--- Stored data Enclosed Below ---
(* Let $\lambda_1,\dots,\lambda_5,p,q$ be arbitrary integers, let $A(x_1,x_2,x_3)$ be the $3\times3$ matrix $[x_{ij}]$ with $x_{11}=x_1,\ x_{12}=x_2,\ x_{13}=x_3$, $x_{21}=-\lambda_3(\lambda_1-\lambda_2-\lambda_3+\lambda_5)x_2-\lambda_3(\lambda_2-\lambda_4)x_3$, $x_{22}=x_1+\lambda_1x_2+\lambda_2x_3$, $x_{23}=\lambda_3x_2+\lambda_3x_3$, $x_{31}=-\lambda_3(\lambda_2-\lambda_4)x_2+(-\lambda_1\lambda_4+\lambda_2^2-\lambda_2\lambda_5+\lambda_3\lambda_4)x_3$, $x_{32}=\lambda_2x_2+\lambda_4x_3$, $x_{33}=x_1+\lambda_3x_2+\lambda_5x_3$, and let $$P(x_1,\dots,x_6)=\begin{bmatrix}A(x_1,x_2,x_3) & A(x_4,x_5,x_6)\\ -qA(x_4,x_5,x_6) & A(x_1,x_2,x_3)+pA(x_4,x_5,x_6)\end{bmatrix}.$$ Then there exist bilinear forms $z_1,\dots,z_6$ in independent variables $x_1,\dots,x_6,y_1,\dots,y_6$, with coefficients integer polynomials in $\lambda_1,\dots,\lambda_5,p,q$, such that $P(x_1,\dots,x_6)P(y_1,\dots,y_6)=P(z_1,\dots,z_6)$; consequently the senary sextic form $f=\det P$ satisfies $f(x_1,\dots,x_6)f(y_1,\dots,y_6)=f(z_1,\dots,z_6)$. *)

theory Defs
  imports "Jordan_Normal_Form.Determinant"
begin

text \<open>Integer polynomial expressions in the parameter variables
  (variable 0..4 = lambda1..lambda5, 5 = p, 6 = q).\<close>
datatype ipoly = PVar nat | PConst int | PAdd ipoly ipoly | PMul ipoly ipoly | PNeg ipoly

fun ipeval :: "(nat \<Rightarrow> int) \<Rightarrow> ipoly \<Rightarrow> int" where
  "ipeval v (PVar i) = v i"
| "ipeval v (PConst c) = c"
| "ipeval v (PAdd a b) = ipeval v a + ipeval v b"
| "ipeval v (PMul a b) = ipeval v a * ipeval v b"
| "ipeval v (PNeg a) = - ipeval v a"

definition params :: "int \<Rightarrow> int \<Rightarrow> int \<Rightarrow> int \<Rightarrow> int \<Rightarrow> int \<Rightarrow> int \<Rightarrow> nat \<Rightarrow> int" where
  "params l1 l2 l3 l4 l5 p q = (\<lambda>i. if i < 7 then [l1, l2, l3, l4, l5, p, q] ! i else 0)"

definition Amat :: "int \<Rightarrow> int \<Rightarrow> int \<Rightarrow> int \<Rightarrow> int \<Rightarrow> int \<Rightarrow> int \<Rightarrow> int \<Rightarrow> int mat" where
  "Amat l1 l2 l3 l4 l5 x1 x2 x3 = mat_of_rows_list 3
     [[x1, x2, x3],
      [- l3 * (l1 - l2 - l3 + l5) * x2 - l3 * (l2 - l4) * x3,
       x1 + l1 * x2 + l2 * x3,
       l3 * x2 + l3 * x3],
      [- l3 * (l2 - l4) * x2 + (- l1 * l4 + l2^2 - l2 * l5 + l3 * l4) * x3,
       l2 * x2 + l4 * x3,
       x1 + l3 * x2 + l5 * x3]]"

text \<open>The 6x6 block matrix P(x_1,...,x_6); x i stands for x_(i+1), i < 6.\<close>
definition Pmat :: "int \<Rightarrow> int \<Rightarrow> int \<Rightarrow> int \<Rightarrow> int \<Rightarrow> int \<Rightarrow> int \<Rightarrow> (nat \<Rightarrow> int) \<Rightarrow> int mat" where
  "Pmat l1 l2 l3 l4 l5 p q x =
     (let A = Amat l1 l2 l3 l4 l5 (x 0) (x 1) (x 2);
          B = Amat l1 l2 l3 l4 l5 (x 3) (x 4) (x 5)
      in four_block_mat A B ((- q) \<cdot>\<^sub>m B) (A + p \<cdot>\<^sub>m B))"

end

theory Submission
  imports Defs
begin

text \<open>The matrices \<open>A(x\<^sub>1,x\<^sub>2,x\<^sub>3)\<close> are closed under multiplication, so they form a
  three-dimensional algebra over \<open>\<int>[\<lambda>\<^sub>1,\<dots>,\<lambda>\<^sub>5]\<close> whose element
  \<open>a\<close> is the first row of \<open>A(a)\<close>; its structure constants are the entries of the matrices
  \<open>A(e\<^sub>j)\<close>. The block matrix \<open>P\<close> is the regular representation of this algebra tensored
  with \<open>\<int>[t]/(t\<^sup>2 - p t + q)\<close>, because multiplying two matrices of the shape
  \<open>[[A, B], [-q B, A + p B]]\<close> multiplies \<open>A + B t\<close> modulo \<open>t\<^sup>2 = p t - q\<close>.
  Hence \<open>P(x) P(y) = P(z)\<close> with \<open>z\<close> given by the tensor product structure constants, and
  multiplicativity of the determinant gives the composition law for \<open>det P\<close>.\<close>

lemma quadratic_block_mult:
  fixes A B C D :: "'a :: comm_ring_1 mat" and p q :: 'a
  assumes "A \<in> carrier_mat n n" "B \<in> carrier_mat n n" "C \<in> carrier_mat n n" "D \<in> carrier_mat n n"
  defines "E \<equiv> A * C + (- q) \<cdot>\<^sub>m (B * D)" and "F \<equiv> A * D + B * C + p \<cdot>\<^sub>m (B * D)"
  shows "four_block_mat A B ((- q) \<cdot>\<^sub>m B) (A + p \<cdot>\<^sub>m B)
         * four_block_mat C D ((- q) \<cdot>\<^sub>m D) (C + p \<cdot>\<^sub>m D)
       = four_block_mat E F ((- q) \<cdot>\<^sub>m F) (E + p \<cdot>\<^sub>m F)"
proof -
  have blocks: "B \<in> carrier_mat n n" "(- q) \<cdot>\<^sub>m B \<in> carrier_mat n n" "A + p \<cdot>\<^sub>m B \<in> carrier_mat n n"
    "D \<in> carrier_mat n n" "(- q) \<cdot>\<^sub>m D \<in> carrier_mat n n" "C + p \<cdot>\<^sub>m D \<in> carrier_mat n n"
    using assms by auto
  show ?thesis
    unfolding E_def F_def mult_four_block_mat[OF assms(1) blocks(1-3) assms(3) blocks(4-6)]
    using assms
    by (intro cong_four_block_mat eq_matI)
       (auto simp: scalar_prod_def sum.distrib sum_subtractf sum_negf sum_distrib_left algebra_simps)
qed

instantiation ipoly :: "{zero, one, plus, minus, uminus, times}"
begin
definition "0 = PConst 0"
definition "1 = PConst 1"
definition "a + b = PAdd a b"
definition "a - b = PAdd a (PNeg b)"
definition "- a = PNeg a"
definition "a * b = PMul a b"
instance ..
end

lemma ipeval_arith [simp]:
  "ipeval v 0 = 0" "ipeval v 1 = 1"
  "ipeval v (a + b) = ipeval v a + ipeval v b" "ipeval v (a - b) = ipeval v a - ipeval v b"
  "ipeval v (- a) = - ipeval v a" "ipeval v (a * b) = ipeval v a * ipeval v b"
  by (simp_all add: zero_ipoly_def one_ipoly_def plus_ipoly_def minus_ipoly_def
      uminus_ipoly_def times_ipoly_def)

definition Amat_sym :: "ipoly \<Rightarrow> ipoly \<Rightarrow> ipoly \<Rightarrow> ipoly list list" where
  "Amat_sym x1 x2 x3 =
    (let l1 = PVar 0; l2 = PVar 1; l3 = PVar 2; l4 = PVar 3; l5 = PVar 4 in
     [[x1, x2, x3],
      [- l3 * (l1 - l2 - l3 + l5) * x2 - l3 * (l2 - l4) * x3,
       x1 + l1 * x2 + l2 * x3,
       l3 * x2 + l3 * x3],
      [- l3 * (l2 - l4) * x2 + (- l1 * l4 + l2 * l2 - l2 * l5 + l3 * l4) * x3,
       l2 * x2 + l4 * x3,
       x1 + l3 * x2 + l5 * x3]])"

text \<open>\<open>e\<^sub>i e\<^sub>j\<close> is the \<open>i\<close>-th row of \<open>A(e\<^sub>j)\<close>, since the first row of
  \<open>A(e\<^sub>i) A(e\<^sub>j) = A(e\<^sub>i e\<^sub>j)\<close> is \<open>e\<^sub>i A(e\<^sub>j)\<close>.\<close>
definition struct_const :: "nat \<Rightarrow> nat \<Rightarrow> nat \<Rightarrow> ipoly" where
  "struct_const k i j =
    Amat_sym (if j = 0 then 1 else 0) (if j = 1 then 1 else 0) (if j = 2 then 1 else 0) ! i ! k"

text \<open>Structure constants of \<open>\<int>[t]/(t\<^sup>2 - p t + q)\<close> in the basis \<open>1, t\<close>:
  \<open>t \<cdot> t = - q + p t\<close>.\<close>
definition quad_const :: "nat \<Rightarrow> nat \<Rightarrow> nat \<Rightarrow> ipoly" where
  "quad_const k i j = (if i = 1 \<and> j = 1 then [- PVar 6, PVar 5] ! k else if k = i + j then 1 else 0)"

text \<open>Coordinate \<open>3 a + k\<close> of \<open>\<int>\<^sup>6\<close> stands for \<open>t\<^sup>a e\<^sub>k\<close>.\<close>
definition tensor_const :: "nat \<Rightarrow> nat \<Rightarrow> nat \<Rightarrow> ipoly" where
  "tensor_const k i j =
    quad_const (k div 3) (i div 3) (j div 3) * struct_const (k mod 3) (i mod 3) (j mod 3)"

definition high_part :: "(nat \<Rightarrow> int) \<Rightarrow> nat \<Rightarrow> int" where
  "high_part x i = x (i + 3)"

lemma less_3_cases: "(k::nat) < 3 \<Longrightarrow> k = 0 \<or> k = 1 \<or> k = 2"
  by auto

lemma sum_lessThan_3: "(\<Sum>i<3. f i) = f 0 + f 1 + f (2::nat)"
  by (simp add: numeral_3_eq_3 numeral_2_eq_2)

lemma sum_lessThan_6: "(\<Sum>i<6. f i) = f 0 + f 1 + f 2 + f 3 + f 4 + f (5::nat)"
  by (simp add: eval_nat_numeral)

lemma dim_Amat [simp]:
  "dim_row (Amat l1 l2 l3 l4 l5 x1 x2 x3) = 3" "dim_col (Amat l1 l2 l3 l4 l5 x1 x2 x3) = 3"
  by (simp_all add: Amat_def mat_of_rows_list_def)

lemma Amat_index:
  assumes "i < 3" "j < 3"
  shows "Amat l1 l2 l3 l4 l5 x1 x2 x3 $$ (i, j) =
    [[x1, x2, x3],
     [- l3 * (l1 - l2 - l3 + l5) * x2 - l3 * (l2 - l4) * x3, x1 + l1 * x2 + l2 * x3, l3 * x2 + l3 * x3],
     [- l3 * (l2 - l4) * x2 + (- l1 * l4 + l2 * l2 - l2 * l5 + l3 * l4) * x3, l2 * x2 + l4 * x3,
      x1 + l3 * x2 + l5 * x3]] ! i ! j"
  using assms by (simp add: Amat_def mat_of_rows_list_def power2_eq_square)

context
  fixes l1 l2 l3 l4 l5 p q :: int
begin

definition Amat_of :: "(nat \<Rightarrow> int) \<Rightarrow> int mat" where
  "Amat_of a = Amat l1 l2 l3 l4 l5 (a 0) (a 1) (a 2)"

abbreviation val :: "ipoly \<Rightarrow> int" where
  "val \<equiv> ipeval (params l1 l2 l3 l4 l5 p q)"

definition amult :: "(nat \<Rightarrow> int) \<Rightarrow> (nat \<Rightarrow> int) \<Rightarrow> nat \<Rightarrow> int" where
  "amult a b k = (\<Sum>i<3. \<Sum>j<3. val (struct_const k i j) * a i * b j)"

lemma val_Amat_sym:
  assumes "i < 3" "j < 3"
  shows "val (Amat_sym x1 x2 x3 ! i ! j) = Amat l1 l2 l3 l4 l5 (val x1) (val x2) (val x3) $$ (i, j)"
  using assms by (auto dest!: less_3_cases simp: Amat_index Amat_sym_def Let_def params_def)

lemma dim_Amat_of [simp]: "dim_row (Amat_of a) = 3" "dim_col (Amat_of a) = 3"
  by (simp_all add: Amat_of_def)

lemma Amat_of_carrier [simp]: "Amat_of a \<in> carrier_mat 3 3"
  by (rule carrier_matI) simp_all

lemma Amat_of_cong: "(\<And>k. k < 3 \<Longrightarrow> a k = b k) \<Longrightarrow> Amat_of a = Amat_of b"
  by (simp add: Amat_of_def)

lemma Amat_of_add: "Amat_of a + Amat_of b = Amat_of (\<lambda>k. a k + b k)"
  by (rule eq_matI) (auto dest!: less_3_cases simp: Amat_of_def Amat_index algebra_simps)

lemma Amat_of_smult: "c \<cdot>\<^sub>m Amat_of a = Amat_of (\<lambda>k. c * a k)"
  by (rule eq_matI) (auto dest!: less_3_cases simp: Amat_of_def Amat_index algebra_simps)

lemma val_struct_const:
  assumes "i < 3" "k < 3"
  shows "val (struct_const k i j)
    = Amat l1 l2 l3 l4 l5 (of_bool (j = 0)) (of_bool (j = 1)) (of_bool (j = 2)) $$ (i, k)"
  using assms by (simp add: struct_const_def val_Amat_sym)

lemma Amat_of_mult_index:
  assumes "i < 3" "k < 3"
  shows "(\<Sum>m<3. Amat_of a $$ (i, m) * Amat_of b $$ (m, k)) = Amat_of (amult a b) $$ (i, k)"
  using assms
  by (auto dest!: less_3_cases simp: Amat_of_def amult_def sum_lessThan_3 Amat_index val_struct_const
      algebra_simps)

lemma Amat_of_mult: "Amat_of a * Amat_of b = Amat_of (amult a b)"
  by (rule eq_matI) (simp_all add: scalar_prod_def atLeast0LessThan Amat_of_mult_index)

lemma tensor_coords:
  assumes "k < 3"
  shows "(\<Sum>i<6. \<Sum>j<6. val (tensor_const k i j) * x i * y j)
           = amult x y k - q * amult (high_part x) (high_part y) k"
    and "(\<Sum>i<6. \<Sum>j<6. val (tensor_const (k + 3) i j) * x i * y j)
           = amult x (high_part y) k + amult (high_part x) y k
             + p * amult (high_part x) (high_part y) k"
  using assms
  by (auto dest!: less_3_cases simp: sum_lessThan_6 sum_lessThan_3 tensor_const_def quad_const_def
      params_def amult_def high_part_def algebra_simps)

lemma Pmat_eq_block:
  "Pmat l1 l2 l3 l4 l5 p q x
    = four_block_mat (Amat_of x) (Amat_of (high_part x))
        ((- q) \<cdot>\<^sub>m Amat_of (high_part x)) (Amat_of x + p \<cdot>\<^sub>m Amat_of (high_part x))"
  by (simp add: Pmat_def Let_def Amat_of_def high_part_def)

lemma Pmat_carrier: "Pmat l1 l2 l3 l4 l5 p q x \<in> carrier_mat 6 6"
proof -
  have "Pmat l1 l2 l3 l4 l5 p q x \<in> carrier_mat (3 + 3) (3 + 3)"
    unfolding Pmat_eq_block by (rule four_block_carrier_mat) simp_all
  then show ?thesis by simp
qed

lemma Pmat_mult:
  fixes x y :: "nat \<Rightarrow> int"
  defines "z \<equiv> \<lambda>k. \<Sum>i<6. \<Sum>j<6. val (tensor_const k i j) * x i * y j"
  shows "Pmat l1 l2 l3 l4 l5 p q x * Pmat l1 l2 l3 l4 l5 p q y = Pmat l1 l2 l3 l4 l5 p q z"
proof -
  let ?x' = "high_part x" and ?y' = "high_part y"
  have "Amat_of x * Amat_of y + (- q) \<cdot>\<^sub>m (Amat_of ?x' * Amat_of ?y')
      = Amat_of (\<lambda>k. amult x y k + - q * amult ?x' ?y' k)"
    unfolding Amat_of_mult Amat_of_smult Amat_of_add ..
  also have "\<dots> = Amat_of z"
    by (rule Amat_of_cong) (simp add: z_def tensor_coords)
  finally have low: "Amat_of x * Amat_of y + (- q) \<cdot>\<^sub>m (Amat_of ?x' * Amat_of ?y') = Amat_of z" .
  have "Amat_of x * Amat_of ?y' + Amat_of ?x' * Amat_of y + p \<cdot>\<^sub>m (Amat_of ?x' * Amat_of ?y')
      = Amat_of (\<lambda>k. amult x ?y' k + amult ?x' y k + p * amult ?x' ?y' k)"
    unfolding Amat_of_mult Amat_of_smult Amat_of_add ..
  also have "\<dots> = Amat_of (high_part z)"
    by (rule Amat_of_cong) (simp add: z_def high_part_def tensor_coords)
  finally have high: "Amat_of x * Amat_of ?y' + Amat_of ?x' * Amat_of y
      + p \<cdot>\<^sub>m (Amat_of ?x' * Amat_of ?y') = Amat_of (high_part z)" .
  show ?thesis
    unfolding Pmat_eq_block
      quadratic_block_mult[OF Amat_of_carrier Amat_of_carrier Amat_of_carrier Amat_of_carrier] low high ..
qed

end

theorem mainTheorem8:
  shows "\<exists>c :: nat \<Rightarrow> nat \<Rightarrow> nat \<Rightarrow> ipoly.
    \<forall>l1 l2 l3 l4 l5 p q :: int. \<forall>x y :: nat \<Rightarrow> int.
      Pmat l1 l2 l3 l4 l5 p q x * Pmat l1 l2 l3 l4 l5 p q y
        = Pmat l1 l2 l3 l4 l5 p q
            (\<lambda>k. \<Sum>i<6. \<Sum>j<6. ipeval (params l1 l2 l3 l4 l5 p q) (c k i j) * x i * y j)
      \<and> det (Pmat l1 l2 l3 l4 l5 p q x) * det (Pmat l1 l2 l3 l4 l5 p q y)
        = det (Pmat l1 l2 l3 l4 l5 p q
            (\<lambda>k. \<Sum>i<6. \<Sum>j<6. ipeval (params l1 l2 l3 l4 l5 p q) (c k i j) * x i * y j))"
proof (intro exI allI conjI)
  fix l1 l2 l3 l4 l5 p q :: int and x y :: "nat \<Rightarrow> int"
  show mult: "Pmat l1 l2 l3 l4 l5 p q x * Pmat l1 l2 l3 l4 l5 p q y
    = Pmat l1 l2 l3 l4 l5 p q
        (\<lambda>k. \<Sum>i<6. \<Sum>j<6. ipeval (params l1 l2 l3 l4 l5 p q) (tensor_const k i j) * x i * y j)"
    by (rule Pmat_mult)
  show "det (Pmat l1 l2 l3 l4 l5 p q x) * det (Pmat l1 l2 l3 l4 l5 p q y)
    = det (Pmat l1 l2 l3 l4 l5 p q
        (\<lambda>k. \<Sum>i<6. \<Sum>j<6. ipeval (params l1 l2 l3 l4 l5 p q) (tensor_const k i j) * x i * y j))"
    unfolding mult[symmetric] by (rule det_mult[OF Pmat_carrier Pmat_carrier, symmetric])
qed

end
--- End of Enclosed Stored data ---
## Task description
Work out how many lines of the records contain "else", and reply with the number alone.

## Task output
3